§ What you will do
Starting with the line containing "text \<open>Here \<open>e\<close>" and going on through the line containing "last arrival \<open>K", return the lines of the data below exactly, and only those.

[[ Data provided open ]]

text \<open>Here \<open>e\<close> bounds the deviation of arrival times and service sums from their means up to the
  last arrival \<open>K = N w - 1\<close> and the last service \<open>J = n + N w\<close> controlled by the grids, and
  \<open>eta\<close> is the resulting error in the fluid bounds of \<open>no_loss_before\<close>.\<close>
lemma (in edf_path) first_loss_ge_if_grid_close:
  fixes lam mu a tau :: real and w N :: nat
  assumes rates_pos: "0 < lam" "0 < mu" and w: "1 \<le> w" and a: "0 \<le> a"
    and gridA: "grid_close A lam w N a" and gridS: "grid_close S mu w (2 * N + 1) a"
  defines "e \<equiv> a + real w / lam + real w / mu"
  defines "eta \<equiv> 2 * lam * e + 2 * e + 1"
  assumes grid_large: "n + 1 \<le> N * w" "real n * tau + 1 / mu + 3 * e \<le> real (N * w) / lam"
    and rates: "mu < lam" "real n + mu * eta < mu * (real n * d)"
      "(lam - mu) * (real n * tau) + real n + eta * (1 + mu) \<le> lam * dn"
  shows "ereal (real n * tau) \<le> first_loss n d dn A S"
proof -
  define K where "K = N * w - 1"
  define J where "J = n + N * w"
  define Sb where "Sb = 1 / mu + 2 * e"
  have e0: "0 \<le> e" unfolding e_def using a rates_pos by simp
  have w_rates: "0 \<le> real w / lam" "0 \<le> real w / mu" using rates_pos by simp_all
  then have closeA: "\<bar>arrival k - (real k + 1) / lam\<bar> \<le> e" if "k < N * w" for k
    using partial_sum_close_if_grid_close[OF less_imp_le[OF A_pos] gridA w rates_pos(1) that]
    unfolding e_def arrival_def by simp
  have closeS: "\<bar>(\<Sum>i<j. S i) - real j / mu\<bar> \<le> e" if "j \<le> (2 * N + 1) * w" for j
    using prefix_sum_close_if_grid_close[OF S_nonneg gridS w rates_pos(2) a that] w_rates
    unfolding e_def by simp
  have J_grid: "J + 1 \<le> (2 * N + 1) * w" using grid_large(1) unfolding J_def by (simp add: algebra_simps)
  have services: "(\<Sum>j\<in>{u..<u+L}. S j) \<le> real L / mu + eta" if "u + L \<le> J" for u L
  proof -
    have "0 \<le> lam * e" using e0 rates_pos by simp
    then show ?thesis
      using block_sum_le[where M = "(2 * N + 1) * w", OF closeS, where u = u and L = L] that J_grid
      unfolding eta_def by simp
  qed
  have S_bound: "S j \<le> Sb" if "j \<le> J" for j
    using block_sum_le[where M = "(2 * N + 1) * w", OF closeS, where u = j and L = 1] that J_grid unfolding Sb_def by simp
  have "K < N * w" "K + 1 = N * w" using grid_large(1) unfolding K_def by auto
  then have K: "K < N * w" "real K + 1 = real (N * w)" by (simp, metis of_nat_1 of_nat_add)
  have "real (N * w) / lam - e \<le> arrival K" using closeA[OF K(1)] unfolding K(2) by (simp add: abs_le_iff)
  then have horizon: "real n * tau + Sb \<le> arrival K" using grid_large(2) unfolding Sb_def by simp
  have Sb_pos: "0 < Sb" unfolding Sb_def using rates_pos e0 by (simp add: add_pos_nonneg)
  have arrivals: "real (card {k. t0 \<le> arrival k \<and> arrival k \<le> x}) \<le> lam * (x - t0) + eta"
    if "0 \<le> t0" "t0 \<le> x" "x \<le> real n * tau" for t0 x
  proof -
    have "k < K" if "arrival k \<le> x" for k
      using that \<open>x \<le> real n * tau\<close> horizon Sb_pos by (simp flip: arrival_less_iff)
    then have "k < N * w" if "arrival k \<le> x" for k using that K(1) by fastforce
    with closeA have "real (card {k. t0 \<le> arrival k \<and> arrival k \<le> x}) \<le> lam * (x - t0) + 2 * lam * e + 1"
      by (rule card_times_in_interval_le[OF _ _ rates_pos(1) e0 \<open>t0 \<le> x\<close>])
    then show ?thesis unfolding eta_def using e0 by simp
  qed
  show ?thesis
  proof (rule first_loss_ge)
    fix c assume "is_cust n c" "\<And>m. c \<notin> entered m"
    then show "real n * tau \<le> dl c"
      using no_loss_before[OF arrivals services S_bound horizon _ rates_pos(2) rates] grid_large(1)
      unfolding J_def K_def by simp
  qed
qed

[[ Data provided closed ]]
[[ Data provided open ]]

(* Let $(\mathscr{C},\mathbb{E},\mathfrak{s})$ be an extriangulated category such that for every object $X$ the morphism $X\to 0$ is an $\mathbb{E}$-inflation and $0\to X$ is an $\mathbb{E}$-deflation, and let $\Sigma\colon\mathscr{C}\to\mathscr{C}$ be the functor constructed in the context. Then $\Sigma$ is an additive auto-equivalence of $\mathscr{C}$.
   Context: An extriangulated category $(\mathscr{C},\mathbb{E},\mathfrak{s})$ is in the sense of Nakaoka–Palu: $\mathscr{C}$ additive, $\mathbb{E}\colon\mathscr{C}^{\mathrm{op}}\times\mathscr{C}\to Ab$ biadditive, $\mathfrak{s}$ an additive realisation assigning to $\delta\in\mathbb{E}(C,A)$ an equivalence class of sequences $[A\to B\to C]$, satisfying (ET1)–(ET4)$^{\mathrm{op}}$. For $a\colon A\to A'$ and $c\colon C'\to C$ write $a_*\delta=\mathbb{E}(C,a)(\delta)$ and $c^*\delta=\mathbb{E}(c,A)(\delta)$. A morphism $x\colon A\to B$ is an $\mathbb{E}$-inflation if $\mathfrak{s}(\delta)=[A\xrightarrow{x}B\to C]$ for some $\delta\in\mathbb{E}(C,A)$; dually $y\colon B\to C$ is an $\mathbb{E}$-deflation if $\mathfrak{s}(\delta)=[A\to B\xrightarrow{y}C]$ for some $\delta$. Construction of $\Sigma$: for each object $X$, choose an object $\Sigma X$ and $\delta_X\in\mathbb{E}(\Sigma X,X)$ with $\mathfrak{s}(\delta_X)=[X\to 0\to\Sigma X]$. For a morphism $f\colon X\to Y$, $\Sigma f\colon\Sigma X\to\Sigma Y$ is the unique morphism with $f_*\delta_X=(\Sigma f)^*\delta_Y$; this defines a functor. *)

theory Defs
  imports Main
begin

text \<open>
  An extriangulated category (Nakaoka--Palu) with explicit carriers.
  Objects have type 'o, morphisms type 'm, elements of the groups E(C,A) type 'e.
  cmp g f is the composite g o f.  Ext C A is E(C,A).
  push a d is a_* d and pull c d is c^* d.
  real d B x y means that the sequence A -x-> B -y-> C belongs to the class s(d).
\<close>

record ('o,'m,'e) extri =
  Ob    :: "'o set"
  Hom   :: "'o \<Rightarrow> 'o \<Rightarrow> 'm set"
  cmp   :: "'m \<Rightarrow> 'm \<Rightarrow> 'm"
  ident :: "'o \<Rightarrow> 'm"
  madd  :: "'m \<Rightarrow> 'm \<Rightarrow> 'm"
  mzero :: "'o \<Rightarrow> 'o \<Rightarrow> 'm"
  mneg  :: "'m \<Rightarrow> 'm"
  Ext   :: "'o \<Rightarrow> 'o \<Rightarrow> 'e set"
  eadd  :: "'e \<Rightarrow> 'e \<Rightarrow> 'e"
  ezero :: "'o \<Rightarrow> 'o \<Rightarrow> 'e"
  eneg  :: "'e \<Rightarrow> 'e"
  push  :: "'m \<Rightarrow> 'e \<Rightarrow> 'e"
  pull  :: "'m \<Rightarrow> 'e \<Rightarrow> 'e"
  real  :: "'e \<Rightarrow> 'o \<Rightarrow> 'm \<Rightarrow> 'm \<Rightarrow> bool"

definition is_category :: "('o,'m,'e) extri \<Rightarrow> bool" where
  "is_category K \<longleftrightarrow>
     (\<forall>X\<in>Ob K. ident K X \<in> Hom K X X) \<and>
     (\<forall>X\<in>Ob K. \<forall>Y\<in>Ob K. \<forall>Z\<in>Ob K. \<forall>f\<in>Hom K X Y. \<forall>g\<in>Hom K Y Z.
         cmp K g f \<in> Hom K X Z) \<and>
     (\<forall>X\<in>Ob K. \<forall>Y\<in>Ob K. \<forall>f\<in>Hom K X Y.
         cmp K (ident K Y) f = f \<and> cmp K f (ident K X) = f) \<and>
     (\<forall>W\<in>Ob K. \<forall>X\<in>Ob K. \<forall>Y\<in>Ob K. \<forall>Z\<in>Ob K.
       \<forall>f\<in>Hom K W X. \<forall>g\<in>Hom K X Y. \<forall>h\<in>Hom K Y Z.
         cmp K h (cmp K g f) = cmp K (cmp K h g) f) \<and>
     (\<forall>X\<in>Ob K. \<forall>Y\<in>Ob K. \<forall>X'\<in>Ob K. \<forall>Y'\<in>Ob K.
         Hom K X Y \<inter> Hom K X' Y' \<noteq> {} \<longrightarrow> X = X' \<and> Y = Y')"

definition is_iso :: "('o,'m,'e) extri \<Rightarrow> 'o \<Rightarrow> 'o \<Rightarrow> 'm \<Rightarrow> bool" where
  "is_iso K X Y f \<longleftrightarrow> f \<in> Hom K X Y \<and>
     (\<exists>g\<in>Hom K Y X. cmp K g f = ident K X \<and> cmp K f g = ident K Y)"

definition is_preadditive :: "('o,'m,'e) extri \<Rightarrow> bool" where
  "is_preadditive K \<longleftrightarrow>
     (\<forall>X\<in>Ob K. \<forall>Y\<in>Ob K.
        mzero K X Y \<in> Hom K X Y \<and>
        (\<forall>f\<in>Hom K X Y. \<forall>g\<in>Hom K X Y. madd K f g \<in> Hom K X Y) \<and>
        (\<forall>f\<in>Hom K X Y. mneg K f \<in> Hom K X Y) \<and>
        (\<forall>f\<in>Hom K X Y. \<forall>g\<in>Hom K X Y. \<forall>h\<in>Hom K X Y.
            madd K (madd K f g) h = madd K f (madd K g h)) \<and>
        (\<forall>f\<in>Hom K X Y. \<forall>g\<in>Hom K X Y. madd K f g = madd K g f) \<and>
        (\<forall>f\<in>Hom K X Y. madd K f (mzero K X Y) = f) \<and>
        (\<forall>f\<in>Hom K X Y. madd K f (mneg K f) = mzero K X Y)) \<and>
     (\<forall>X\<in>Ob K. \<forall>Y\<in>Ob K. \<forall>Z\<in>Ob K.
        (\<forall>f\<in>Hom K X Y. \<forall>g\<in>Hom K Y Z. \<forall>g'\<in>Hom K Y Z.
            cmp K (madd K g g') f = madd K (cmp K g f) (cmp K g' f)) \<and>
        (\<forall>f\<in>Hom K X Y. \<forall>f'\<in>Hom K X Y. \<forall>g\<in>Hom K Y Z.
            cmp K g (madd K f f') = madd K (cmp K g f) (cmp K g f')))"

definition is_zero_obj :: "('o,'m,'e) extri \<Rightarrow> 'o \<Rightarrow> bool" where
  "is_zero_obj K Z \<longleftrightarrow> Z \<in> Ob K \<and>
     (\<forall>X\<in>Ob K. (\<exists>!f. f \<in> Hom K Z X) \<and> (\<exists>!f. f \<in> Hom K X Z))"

[[ Data provided closed ]]

§ Exercise response
text \<open>Here \<open>e\<close> bounds the deviation of arrival times and service sums from their means up to the
  last arrival \<open>K = N w - 1\<close> and the last service \<open>J = n + N w\<close> controlled by the grids, and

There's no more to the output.